Shakespeare’s Sexism: The Overly Feminine and Weak Depiction of Lady Macbeth
By Dr. Amanda Johnson
The pen, ever so phallic in nature, has been for most of history, exclusively wielded by men, and even the most masterful of male wordsmiths to wave that ink-staining instrument have come up well short of penning a satisfying depiction of the depths and intricacies inherent to the female psyche. Shakespeare, in particular, though revered as one of the greatest to ever hold a pen, is often dreadfully inadequate in respect to his female characters. From his stereotypical structuring of Cordelia as “Daddy’s little girl” in King Lear, to his utterly subservient scripting of Cleopatra in Antony and Cleopatra, Shakespeare fails to avoid the unrealistic male generated female ideals. Nowhere else is this failure more apparent than in his overly feminine character of Lady Macbeth.
From the very beginning, Shakespeare makes Lady Macbeth out to be an indecisive, male dependent, and un-influential character. Her first lines of the play, in fact, are not her own, but are words she reads aloud from her husbands letter. The reader, of course, infers from this structuring that Shakespeare is suggesting that women should not speak unless it is of the man’s will. Later in that same scene, Shakespeare gives Lady Macbeth an aside, clearly placing her alone to show how she can not stand on an equal stage with men, having her ever so effeminately say:
Come, you spirits / That tend on mortal thoughts, unsex me here, / And fill me from the crown to the toe topfull / Of direct cruelty. Make thick my blood; / Stop up th’access and passage to remorse, / That no compunctious visitings of nature / Shake my fell purpose nor keep peace between / Th’effect and it. Come to my woman’s breasts / And take my milk for gall, you murd’ring ministers, / Wherever your sightless substances / You wait on nature’s mischief. Come thick night, / And pall thee in the dunnest smoke of hell, / That my keen knife see not the wound it makes, / Nor heaven peep through the blanket of the dark / to cry “Hold, hold” (I. v. 39-53).
Lady Macbeth’s initial request to be “unsex[ed]” in this passage is, first of all, her own direct affirmation of her frailty as a woman, and secondly, is a blatantly helpless invocation of otherworldly “spirits” (spirit being of male etymological origin) to aid in her actions since a woman can’t, in Shakespeare’s chauvinist mind, possibly do anything on her own. Shakespeare also, in this discourse, gives Lady Macbeth incredibly weak diction. For example, instead of invoking the fires of hell, Lady Macbeth only asks for the smoke, which is, without a doubt, a representation of Shakespeare’s belief that women can’t handle the same extremities as men.

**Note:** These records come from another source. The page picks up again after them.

lemma nn_integral_TG:
  assumes [measurable]: "f \<in> borel_measurable borel"
  shows "(\<integral>\<^sup>+g. f g \<partial>TG \<mu> \<kappa>)
    = (\<integral>\<^sup>+g. ennreal (gumbel_density \<mu> g) * indicator {t. ereal t \<le> \<kappa>} g * f g \<partial>lborel)
      / (\<integral>\<^sup>+t. ennreal (gumbel_density \<mu> t) * indicator {t. ereal t \<le> \<kappa>} t \<partial>lborel)"
proof -
  let ?d = "\<lambda>g. ennreal (gumbel_density \<mu> g) * indicator {t. ereal t \<le> \<kappa>} g"
    and ?Z = "\<integral>\<^sup>+t. ennreal (gumbel_density \<mu> t) * indicator {t. ereal t \<le> \<kappa>} t \<partial>lborel"
  have "(\<integral>\<^sup>+g. f g \<partial>TG \<mu> \<kappa>) = (\<integral>\<^sup>+g. ?d g / ?Z * f g \<partial>lborel)"
    unfolding TG_def by (rule nn_integral_density) measurable
  also have "\<dots> = (\<integral>\<^sup>+g. ?d g * f g / ?Z \<partial>lborel)"
    by (simp add: divide_ennreal_def mult_ac)
  also have "\<dots> = (\<integral>\<^sup>+g. ?d g * f g \<partial>lborel) / ?Z"
    by (rule nn_integral_divide) measurable
  finally show ?thesis .
qed

lemma nn_integral_gumbel_density_le_pos_finite:
  assumes "\<kappa> \<noteq> - \<infinity>"
  shows "(\<integral>\<^sup>+t. ennreal (gumbel_density \<mu> t) * indicator {t. ereal t \<le> \<kappa>} t \<partial>lborel) \<noteq> 0"
    and "(\<integral>\<^sup>+t. ennreal (gumbel_density \<mu> t) * indicator {t. ereal t \<le> \<kappa>} t \<partial>lborel) < \<infinity>"
  unfolding nn_integral_gumbel_density_le[OF assms] by (auto simp: gumbel_cdf_def)

lemma prob_space_TG:
  assumes "\<kappa> \<noteq> - \<infinity>"
  shows "prob_space (TG \<mu> \<kappa>)"
proof
  have "emeasure (TG \<mu> \<kappa>) (space (TG \<mu> \<kappa>)) = (\<integral>\<^sup>+g. 1 \<partial>TG \<mu> \<kappa>)"
    by simp
  also have "\<dots> = 1"
    using nn_integral_TG[of "\<lambda>_. 1" \<mu> \<kappa>] nn_integral_gumbel_density_le_pos_finite[OF assms]
    by simp
  finally show "emeasure (TG \<mu> \<kappa>) (space (TG \<mu> \<kappa>)) = 1" .
qed

lemma nn_integral_exp_neg_TG:
  assumes "\<kappa> \<noteq> - \<infinity>"
  shows "(\<integral>\<^sup>+g. ennreal (exp (- g)) \<partial>TG \<mu> \<kappa>)
    = ennreal (exp (- \<mu>) + (if \<kappa> = \<infinity> then 0 else exp (- real_of_ereal \<kappa>)))"
proof -
  have "(\<integral>\<^sup>+g. ennreal (exp (- g)) \<partial>TG \<mu> \<kappa>)
      = (\<integral>\<^sup>+g. ennreal (gumbel_density \<mu> g) * indicator {t. ereal t \<le> \<kappa>} g * ennreal (exp (- g)) \<partial>lborel)
        / (\<integral>\<^sup>+t. ennreal (gumbel_density \<mu> t) * indicator {t. ereal t \<le> \<kappa>} t \<partial>lborel)"
    by (rule nn_integral_TG) measurable
  also have "(\<integral>\<^sup>+g. ennreal (gumbel_density \<mu> g) * indicator {t. ereal t \<le> \<kappa>} g * ennreal (exp (- g)) \<partial>lborel)
      = (\<integral>\<^sup>+t. ennreal (exp (- t) * gumbel_density \<mu> t) * indicator {t. ereal t \<le> \<kappa>} t \<partial>lborel)"
    by (intro nn_integral_cong) (simp add: ennreal_mult gumbel_density_nonneg mult_ac)
  finally show ?thesis
    using nn_integral_gumbel_density_le_pos_finite[OF assms]
    by (simp add: nn_integral_exp_neg_gumbel_density_le[OF assms] ennreal_times_divide[symmetric])
qed

section \<open>Generated sigma-algebras and uniform kernels\<close>

lemma space_gen_sigma[simp]: "space (gen_sigma M fs) = space M"
  unfolding gen_sigma_def by (rule space_measure_of) auto

lemma sets_gen_sigma:
  "sets (gen_sigma M fs) = sigma_sets (space M) (\<Union>f\<in>fs. {f -` A \<inter> space M | A. A \<in> sets borel})"
  unfolding gen_sigma_def by (rule sets_measure_of) auto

Shakespeare also attributes an unfounded phallic obsession to Lady Macbeth based on the outdated presupposition that women are seemingly programmed for appeasing men. In the afore-quoted passage, she mentions a knife, which being long and pointy, represents a penis, and in act II. scene 2, she says to her husband,
Infirm of purpose! / Give me the daggers. The sleeping and the dead / Are but as pictures. ‘Tis the eye of childhood / That fears a painted devil. If he do bleed, / I’ll gild the faces of the grooms withal, / For it must seem their guilt (55-60).

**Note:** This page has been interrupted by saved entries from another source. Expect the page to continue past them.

(* Let $f=\mathbb{E}_\xi[f_\xi]$ be $L_{f/h}$-relatively smooth with respect to $h$ (no relative strong convexity assumed), with minimizer $x^\star\in\operatorname{int}\operatorname{dom}h$ satisfying $\nabla f(x^\star)=0$, and suppose the noise assumption below holds with constant $\sigma^2$ and step size $\eta\le1/(2L_{f/h})$. Then the iterates of Bregman stochastic gradient descent with constant step size $\eta$ satisfy, for every $T\ge1$, $$\mathbb{E}\Big[\frac1T\sum_{t=0}^{T}D_f(x^\star,x_t)\Big]\le\frac{D_h(x^\star,x_0)}{\eta T}+\eta\sigma^2.$$
   Context: Let $C\subseteq\mathbb{R}^d$ be a closed convex set and $h:\mathbb{R}^d\to\mathbb{R}\cup\{+\infty\}$ a function satisfying the standing assumption: $h$ is twice continuously differentiable and strictly convex on $\operatorname{int} C$, and for every $y\in\mathbb{R}^d$ the problem $\min_{x\in C} h(x)-x^\top y$ has a unique solution, which lies in $\operatorname{int} C$. $h^*$ is the convex conjugate of $h$. For differentiable $\varphi$, $D_\varphi(x,y)=\varphi(x)-\varphi(y)-\nabla\varphi(y)^\top(x-y)$. A differentiable $f$ is $L$-relatively smooth w.r.t. $h$ if $D_f(x,y)\le L D_h(x,y)$ for all $x,y\in\operatorname{int}\operatorname{dom}h$. Bregman stochastic gradient descent (BSGD): given $x_0\in\operatorname{int}C$, $x_{t+1}=\arg\min_{x\in C}\{\eta g_t^\top x+D_h(x,x_t)\}$, equivalently $\nabla h(x_{t+1})=\nabla h(x_t)-\eta g_t$, where $g_t=\nabla f_{\xi_t}(x_t)$ and $\xi_t$ are drawn independently from the distribution of $\xi$. Noise assumption: every $f_\xi$ is convex and $L_{f/h}$-relatively smooth w.r.t. $h$, $\mathbb{E}_\xi[f_\xi]=f$, and there is $\sigma^2\ge0$ such that for all $t$, $\sigma^2\ge\frac{1}{2\eta^2}\mathbb{E}_{\xi_t}\big[D_{h^*}(\nabla h(x_t)-2\eta\nabla f_{\xi_t}(x^\star),\nabla h(x_t))\big]$. *)

theory Defs
  imports "HOL-Analysis.Analysis" "HOL-Probability.Probability"
begin

definition grad :: "('a::euclidean_space \<Rightarrow> real) \<Rightarrow> 'a \<Rightarrow> 'a" where
  "grad \<phi> y = (SOME g. (\<phi> has_derivative (\<lambda>v. g \<bullet> v)) (at y))"

definition bregman :: "('a::euclidean_space \<Rightarrow> real) \<Rightarrow> 'a \<Rightarrow> 'a \<Rightarrow> real" where
  "bregman \<phi> x y = \<phi> x - \<phi> y - grad \<phi> y \<bullet> (x - y)"

definition strict_convex_on :: "'a::real_vector set \<Rightarrow> ('a \<Rightarrow> real) \<Rightarrow> bool" where
  "strict_convex_on S f \<longleftrightarrow> (\<forall>x\<in>S. \<forall>y\<in>S. x \<noteq> y \<longrightarrow>
     (\<forall>u::real. 0 < u \<and> u < 1 \<longrightarrow> f ((1 - u) *\<^sub>R x + u *\<^sub>R y) < (1 - u) * f x + u * f y))"

text \<open>Convex conjugate of h, where h is taken to be +infinity outside C
  (so dom h = C): h*(y) = sup over x in C of x.y - h(x).\<close>
definition conj_on :: "'a::euclidean_space set \<Rightarrow> ('a \<Rightarrow> real) \<Rightarrow> 'a \<Rightarrow> real" where
  "conj_on C h y = (SUP x\<in>C. x \<bullet> y - h x)"

definition rel_smooth :: "'a::euclidean_space set \<Rightarrow> real \<Rightarrow> ('a \<Rightarrow> real) \<Rightarrow> ('a \<Rightarrow> real) \<Rightarrow> bool" where
  "rel_smooth C L f h \<longleftrightarrow> (\<forall>x\<in>interior C. f differentiable (at x)) \<and>
     (\<forall>x\<in>interior C. \<forall>y\<in>interior C. bregman f x y \<le> L * bregman h x y)"

definition bsgd_step :: "'a::euclidean_space set \<Rightarrow> ('a \<Rightarrow> real) \<Rightarrow> real \<Rightarrow> 'a \<Rightarrow> 'a \<Rightarrow> 'a" where
  "bsgd_step C h \<eta> g xt = (THE x. x \<in> C \<and>
     (\<forall>z\<in>C. \<eta> * (g \<bullet> x) + bregman h x xt \<le> \<eta> * (g \<bullet> z) + bregman h z xt))"

text \<open>BSGD iterates along a sample path \<omega> (\<omega> t = \<xi>_t), g_t = grad f_{\<xi>_t}(x_t).\<close>
fun bsgd :: "'a::euclidean_space set \<Rightarrow> ('a \<Rightarrow> real) \<Rightarrow> real \<Rightarrow> ('b \<Rightarrow> 'a \<Rightarrow> real) \<Rightarrow> 'a
             \<Rightarrow> (nat \<Rightarrow> 'b) \<Rightarrow> nat \<Rightarrow> 'a" where
  "bsgd C h \<eta> fx x0 \<omega> 0 = x0"
| "bsgd C h \<eta> fx x0 \<omega> (Suc t) =
     bsgd_step C h \<eta> (grad (fx (\<omega> t)) (bsgd C h \<eta> fx x0 \<omega> t)) (bsgd C h \<eta> fx x0 \<omega> t)"

end

theory Submission
  imports Defs
begin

Her want of the daggers, being the main emphasis of the quote, of course, is yet another example of Lady Macbeth’s weak-hearted phallic lust. Shakespeare obviously intended that because of that phallic lust, Lady Macbeth was willing to carry out this crafty plan to frame the men, referred to as “grooms” for the prior murder of King Duncan. The impetus for her to act, in no way being a strong spirited and powerful thought process, is a poorly penned interpretation of female strength on Shakespeare’s part.
Lastly, to avoid evoking any further nausea from Shakespeare’s sickening depiction of female weakness embodied by Lady Macbeth, no more direct textual examples need be supplied, but it is obvious, and if not, it should be, that Shakespeare had no idea about how to craft a strong female character. The simple act of naming her “Lady Macbeth” entails a title of prestige derived from an association with a man, and her eventual madness and suicide is a clear indication of Shakespeare’s misconception that women can’t handle the same mental taxations as men. Furthermore, the very fact that she’s married at all means that she was willing to surrender to a man’s will. Shakespeare could have even titled the play, Lady Macbeth, and made her the conquering protagonist, but instead he writes her as a powerless, un-ambitious, and thoughtless wallflower. Nowhere in the play does Lady Macbeth demonstrate any sort of female empowerment like isolating herself from men, demonstrating male shortcomings, lamenting against men, overcoming male enforced social obstacles, or anything of the sort that separates women from men to show how women don’t need to define feminine strength and achievement based on relationships with men.
Reference:
Shakespeare, William. “Macbeth,” The Complete Pelican Shakespeare. Ed.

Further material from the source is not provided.